Every material and every ounce of human labor needed at the toaster factory has its contemporaneous costs and its historical costs: the education and health of the workers (e.g., if people are dying of plague they won’t be around to develop or produce consumer goods, let alone buy them), agricultural advances (ditto starvation), freedom from ignorance and superstition (the Galileos who challenged the status quo and allowed science to blossom), freedom from centrally-controlled economies (e.g., monarchies, dictatorships, communism), which allowed people the liberty to choose to manufacture or purchase a toaster—or not.

It is not unreasonable to believe that it had to take 150,000 years of a brutish, unimaginably difficult existence for the first humans to progress from louse-ridden caveman to modern-day toaster purchaser. Of course, if we go back to the first amoeba, we could say billions of years were required, but we’re not going to get crazy here.

I think the real question is not why a toaster costs ten dollars, but why doesn’t it cost a million dollars considering all the aggregate suffering that was necessary to get us to the point in our history where it’s stocked on the shelf at a local Target or Walmart store or bought from Amazon via a few clicks of one’s computer mouse.

A shitload of past work goes into setting the stage for the present-day work involved in manufacturing a toaster; amortized over all of human history (or Cylon/human history if you will). The cost today is comfortably borne by most shoppers. This amortization is not quantifiable, but I believe it’s of benefit to occasionally take a pause and recognize and appreciate it, a silent thanks offered up to our forebears whose anonymous sacrifices gave us the miracle of modern society. 

One human trait in particular made this possible, linked the contributions of each generation to the next generation in such a way that the standard of living gradually improved in countless remarkable ways: They wanted better lives for their children. In this they succeeded marvelously, but we must realize that there remain many people in the world who desperately want significant improvement to their standard of living.

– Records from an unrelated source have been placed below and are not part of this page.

lemma policy_next_less: "a < N \<Longrightarrow> policy_next i ord t b a < N"
proof -
  have length_ord: "length ord = N"
    using distinct_card[OF distinct_ord] set_ord by simp
  have "ord ! (j mod N) < N" for j
    using nth_mem[of "j mod N" ord] length_ord N_pos set_ord by auto
  then show "policy_next i ord t b a < N" if "a < N"
    using that by (auto simp: policy_next_def cnext_def cprev_def length_ord)
qed

lemma set_step: "x \<in> X \<Longrightarrow> set_pmf (step t x) \<subseteq> X"
  using set_Pi_pmf_subset_channel_states policy_next_less
  by (auto simp: step_def trans_states_def split: prod.splits)

lemma step_parity:
  assumes "odd t = odd t'"
  shows "step t = step t'"
proof -
  have "policy_next i ord t = policy_next i ord t'"
    using assms by (simp add: policy_next_def fun_eq_iff)
  then show ?thesis
    unfolding step_def by simp
qed

lemma kernel_parity: "odd t = odd t' \<Longrightarrow> kernel t = kernel t'"
  unfolding kernel_def by (metis step_parity)

lemma kernel_add: "kernel t (\<lambda>x. g x + h x) = (\<lambda>x. kernel t g x + kernel t h x)"
  by (simp add: kernel_def expect_on_add fun_eq_iff)

lemma kernel_scale: "kernel t (\<lambda>x. c * g x) = (\<lambda>x. c * kernel t g x)"
  by (simp add: kernel_def expect_on_scale fun_eq_iff)

lemma sys_dist_Suc:
  "sys_dist i P N \<omega> ord a1 (Suc n) = bind_pmf (sys_dist i P N \<omega> ord a1 n) (step (n + 2))"
  by (simp add: step_def)

lemma set_sys_dist: "a1 < N \<Longrightarrow> set_pmf (sys_dist i P N \<omega> ord a1 n) \<subseteq> X"
proof (induction n)
  case 0
  then show ?case
    using set_Pi_pmf_subset_channel_states by (auto simp: init_states_def)
next
  case (Suc n)
  then show ?case
    using set_step unfolding sys_dist_Suc set_bind_pmf by blast
qed

sublocale nonexpansive_operator two_step X
proof
  have kernel_nonexpansive: "\<bar>kernel t g x\<bar> \<le> b" if "\<forall>y\<in>X. \<bar>g y\<bar> \<le> b" "x \<in> X" for t g b x
    using abs_expect_on_le[OF finite_sys_space set_step] that by (simp add: kernel_def)
  show "\<bar>two_step g x\<bar> \<le> b" if "\<forall>y\<in>X. \<bar>g y\<bar> \<le> b" "x \<in> X" for g b x
    unfolding two_step_def using that by (blast intro: kernel_nonexpansive)
qed (simp_all add: finite_sys_space two_step_def kernel_add kernel_scale, simp add: kernel_def)

abbreviation E :: "(nat \<Rightarrow> real) \<Rightarrow> nat \<Rightarrow> nat \<Rightarrow> ((nat \<Rightarrow> bool) \<times> nat \<Rightarrow> real) \<Rightarrow> real" where
  "E \<omega> a1 n \<equiv> expect_on X (sys_dist i P N \<omega> ord a1 n)"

Would it would help us to grow up if we recognize and appreciate all this cost, contemporaneous and historical, whether the price tag reflects it? Does such information help our understanding of economics, or would this knowledge overwhelm our frail constitutions? I envision grief counselors rushed onto the scene of such self-reflection.

I believe it would help us, if for no other reason than it would give us an improved appreciation for the economic world around us. Labor and inert materials are both necessary for the production of goods and services. Each has a cost associated with it. That cost is the price you pay today and the price that was borne by history.